Task details
Lines below starting with the line with "generations < d\<close>" and going on through the line with "the \<open>M\<close>- and" must be output exactly; the rest of the records must be left out.
[Source material]
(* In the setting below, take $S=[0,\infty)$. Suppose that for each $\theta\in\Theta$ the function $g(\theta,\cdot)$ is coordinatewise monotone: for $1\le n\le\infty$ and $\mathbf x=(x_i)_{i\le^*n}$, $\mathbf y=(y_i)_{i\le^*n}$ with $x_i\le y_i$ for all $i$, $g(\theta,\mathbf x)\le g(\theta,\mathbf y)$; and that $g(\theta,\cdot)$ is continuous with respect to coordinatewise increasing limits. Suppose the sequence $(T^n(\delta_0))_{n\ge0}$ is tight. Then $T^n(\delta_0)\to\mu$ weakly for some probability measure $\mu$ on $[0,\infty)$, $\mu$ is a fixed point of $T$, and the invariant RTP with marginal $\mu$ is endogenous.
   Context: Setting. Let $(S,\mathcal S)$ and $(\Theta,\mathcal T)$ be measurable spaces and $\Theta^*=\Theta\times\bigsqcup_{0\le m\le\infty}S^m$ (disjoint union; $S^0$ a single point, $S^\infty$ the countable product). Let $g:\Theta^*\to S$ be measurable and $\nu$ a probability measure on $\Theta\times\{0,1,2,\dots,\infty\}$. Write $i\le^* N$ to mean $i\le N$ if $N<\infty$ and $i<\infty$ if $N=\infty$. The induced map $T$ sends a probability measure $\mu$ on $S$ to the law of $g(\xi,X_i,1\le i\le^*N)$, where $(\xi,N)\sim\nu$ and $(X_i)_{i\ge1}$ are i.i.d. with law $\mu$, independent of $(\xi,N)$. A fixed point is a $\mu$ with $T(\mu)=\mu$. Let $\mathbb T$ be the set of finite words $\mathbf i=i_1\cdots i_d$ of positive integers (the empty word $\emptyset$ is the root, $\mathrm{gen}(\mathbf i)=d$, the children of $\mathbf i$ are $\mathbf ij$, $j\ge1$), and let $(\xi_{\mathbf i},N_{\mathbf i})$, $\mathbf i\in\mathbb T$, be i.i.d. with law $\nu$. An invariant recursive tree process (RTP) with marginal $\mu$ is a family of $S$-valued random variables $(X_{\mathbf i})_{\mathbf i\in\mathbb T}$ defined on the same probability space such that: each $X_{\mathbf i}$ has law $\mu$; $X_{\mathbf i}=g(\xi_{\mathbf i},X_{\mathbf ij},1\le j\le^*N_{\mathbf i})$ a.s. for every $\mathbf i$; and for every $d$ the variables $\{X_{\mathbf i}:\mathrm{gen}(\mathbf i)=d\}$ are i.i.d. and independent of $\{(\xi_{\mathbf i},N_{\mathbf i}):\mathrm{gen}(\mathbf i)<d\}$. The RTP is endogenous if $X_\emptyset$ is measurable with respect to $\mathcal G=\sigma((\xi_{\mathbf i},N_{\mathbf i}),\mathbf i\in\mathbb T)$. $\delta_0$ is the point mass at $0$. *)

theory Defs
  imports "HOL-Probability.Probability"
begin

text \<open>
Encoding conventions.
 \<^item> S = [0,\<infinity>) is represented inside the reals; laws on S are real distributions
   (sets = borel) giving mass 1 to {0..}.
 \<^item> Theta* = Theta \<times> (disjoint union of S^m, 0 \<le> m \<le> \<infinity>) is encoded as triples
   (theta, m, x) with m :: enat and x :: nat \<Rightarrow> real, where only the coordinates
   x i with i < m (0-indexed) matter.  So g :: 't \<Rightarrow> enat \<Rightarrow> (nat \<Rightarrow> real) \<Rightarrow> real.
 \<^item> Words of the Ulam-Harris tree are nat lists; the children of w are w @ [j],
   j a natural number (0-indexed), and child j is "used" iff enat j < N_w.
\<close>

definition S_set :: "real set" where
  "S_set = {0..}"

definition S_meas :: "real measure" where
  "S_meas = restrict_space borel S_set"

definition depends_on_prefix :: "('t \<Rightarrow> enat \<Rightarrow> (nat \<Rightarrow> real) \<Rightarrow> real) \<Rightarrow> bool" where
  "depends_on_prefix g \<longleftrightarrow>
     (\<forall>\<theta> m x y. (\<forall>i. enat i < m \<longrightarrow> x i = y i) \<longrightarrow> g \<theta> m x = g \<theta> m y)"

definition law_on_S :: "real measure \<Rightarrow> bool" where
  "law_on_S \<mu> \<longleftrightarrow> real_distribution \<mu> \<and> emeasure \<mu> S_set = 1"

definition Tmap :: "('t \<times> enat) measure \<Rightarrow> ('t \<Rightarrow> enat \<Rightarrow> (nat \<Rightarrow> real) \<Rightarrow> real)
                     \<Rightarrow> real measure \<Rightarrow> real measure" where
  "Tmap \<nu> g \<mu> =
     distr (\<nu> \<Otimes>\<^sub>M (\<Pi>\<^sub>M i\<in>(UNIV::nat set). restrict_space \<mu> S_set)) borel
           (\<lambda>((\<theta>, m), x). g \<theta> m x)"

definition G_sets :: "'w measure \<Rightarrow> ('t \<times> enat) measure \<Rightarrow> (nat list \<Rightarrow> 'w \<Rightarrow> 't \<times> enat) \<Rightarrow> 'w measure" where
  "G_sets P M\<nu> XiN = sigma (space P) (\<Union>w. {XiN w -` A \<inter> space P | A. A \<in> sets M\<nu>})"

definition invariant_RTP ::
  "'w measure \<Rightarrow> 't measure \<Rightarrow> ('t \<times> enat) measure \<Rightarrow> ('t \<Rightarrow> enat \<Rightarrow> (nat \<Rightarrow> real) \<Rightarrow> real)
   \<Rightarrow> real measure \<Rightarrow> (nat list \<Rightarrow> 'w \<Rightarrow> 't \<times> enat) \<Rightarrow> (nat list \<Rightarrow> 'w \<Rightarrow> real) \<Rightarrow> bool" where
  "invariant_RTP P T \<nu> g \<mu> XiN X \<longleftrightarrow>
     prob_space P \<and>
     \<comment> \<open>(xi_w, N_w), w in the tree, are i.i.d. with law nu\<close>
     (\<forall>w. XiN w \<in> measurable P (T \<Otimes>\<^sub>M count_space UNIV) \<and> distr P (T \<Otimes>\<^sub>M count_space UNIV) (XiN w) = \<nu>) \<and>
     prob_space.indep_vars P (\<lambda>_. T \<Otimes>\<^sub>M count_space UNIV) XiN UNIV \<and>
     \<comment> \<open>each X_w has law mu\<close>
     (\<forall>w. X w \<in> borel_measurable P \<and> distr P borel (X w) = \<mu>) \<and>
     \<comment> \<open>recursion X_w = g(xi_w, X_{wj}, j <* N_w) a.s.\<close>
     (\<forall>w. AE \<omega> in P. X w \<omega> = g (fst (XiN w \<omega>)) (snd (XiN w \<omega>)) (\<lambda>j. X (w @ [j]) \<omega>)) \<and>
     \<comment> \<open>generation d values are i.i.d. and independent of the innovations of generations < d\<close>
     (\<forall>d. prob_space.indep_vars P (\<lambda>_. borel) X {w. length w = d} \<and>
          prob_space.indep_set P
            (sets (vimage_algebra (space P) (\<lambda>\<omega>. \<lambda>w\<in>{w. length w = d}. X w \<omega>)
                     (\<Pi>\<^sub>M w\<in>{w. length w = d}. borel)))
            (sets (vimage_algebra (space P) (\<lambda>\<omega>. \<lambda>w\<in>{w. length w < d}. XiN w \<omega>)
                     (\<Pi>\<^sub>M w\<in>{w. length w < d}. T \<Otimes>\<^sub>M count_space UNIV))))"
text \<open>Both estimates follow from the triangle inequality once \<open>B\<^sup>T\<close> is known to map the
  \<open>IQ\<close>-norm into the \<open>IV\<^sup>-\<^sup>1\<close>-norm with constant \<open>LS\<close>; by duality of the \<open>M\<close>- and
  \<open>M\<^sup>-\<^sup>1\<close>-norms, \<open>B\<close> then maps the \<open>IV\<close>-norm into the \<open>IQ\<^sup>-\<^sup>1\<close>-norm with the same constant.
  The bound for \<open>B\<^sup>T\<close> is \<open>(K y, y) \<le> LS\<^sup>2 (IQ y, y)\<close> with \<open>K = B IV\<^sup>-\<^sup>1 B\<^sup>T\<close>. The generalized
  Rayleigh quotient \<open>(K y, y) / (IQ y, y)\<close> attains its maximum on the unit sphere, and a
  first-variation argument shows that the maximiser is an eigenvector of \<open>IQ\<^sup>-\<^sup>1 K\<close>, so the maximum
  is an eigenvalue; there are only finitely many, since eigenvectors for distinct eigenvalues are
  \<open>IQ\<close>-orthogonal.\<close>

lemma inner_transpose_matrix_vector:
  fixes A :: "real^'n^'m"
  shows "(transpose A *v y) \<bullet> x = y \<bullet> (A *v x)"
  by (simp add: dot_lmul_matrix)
[/Source material]
Response
     \<comment> \<open>generation d values are i.i.d. and independent of the innovations of generations < d\<close>
     (\<forall>d. prob_space.indep_vars P (\<lambda>_. borel) X {w. length w = d} \<and>
          prob_space.indep_set P
            (sets (vimage_algebra (space P) (\<lambda>\<omega>. \<lambda>w\<in>{w. length w = d}. X w \<omega>)
                     (\<Pi>\<^sub>M w\<in>{w. length w = d}. borel)))
            (sets (vimage_algebra (space P) (\<lambda>\<omega>. \<lambda>w\<in>{w. length w < d}. XiN w \<omega>)
                     (\<Pi>\<^sub>M w\<in>{w. length w < d}. T \<Otimes>\<^sub>M count_space UNIV))))"
text \<open>Both estimates follow from the triangle inequality once \<open>B\<^sup>T\<close> is known to map the
  \<open>IQ\<close>-norm into the \<open>IV\<^sup>-\<^sup>1\<close>-norm with constant \<open>LS\<close>; by duality of the \<open>M\<close>- and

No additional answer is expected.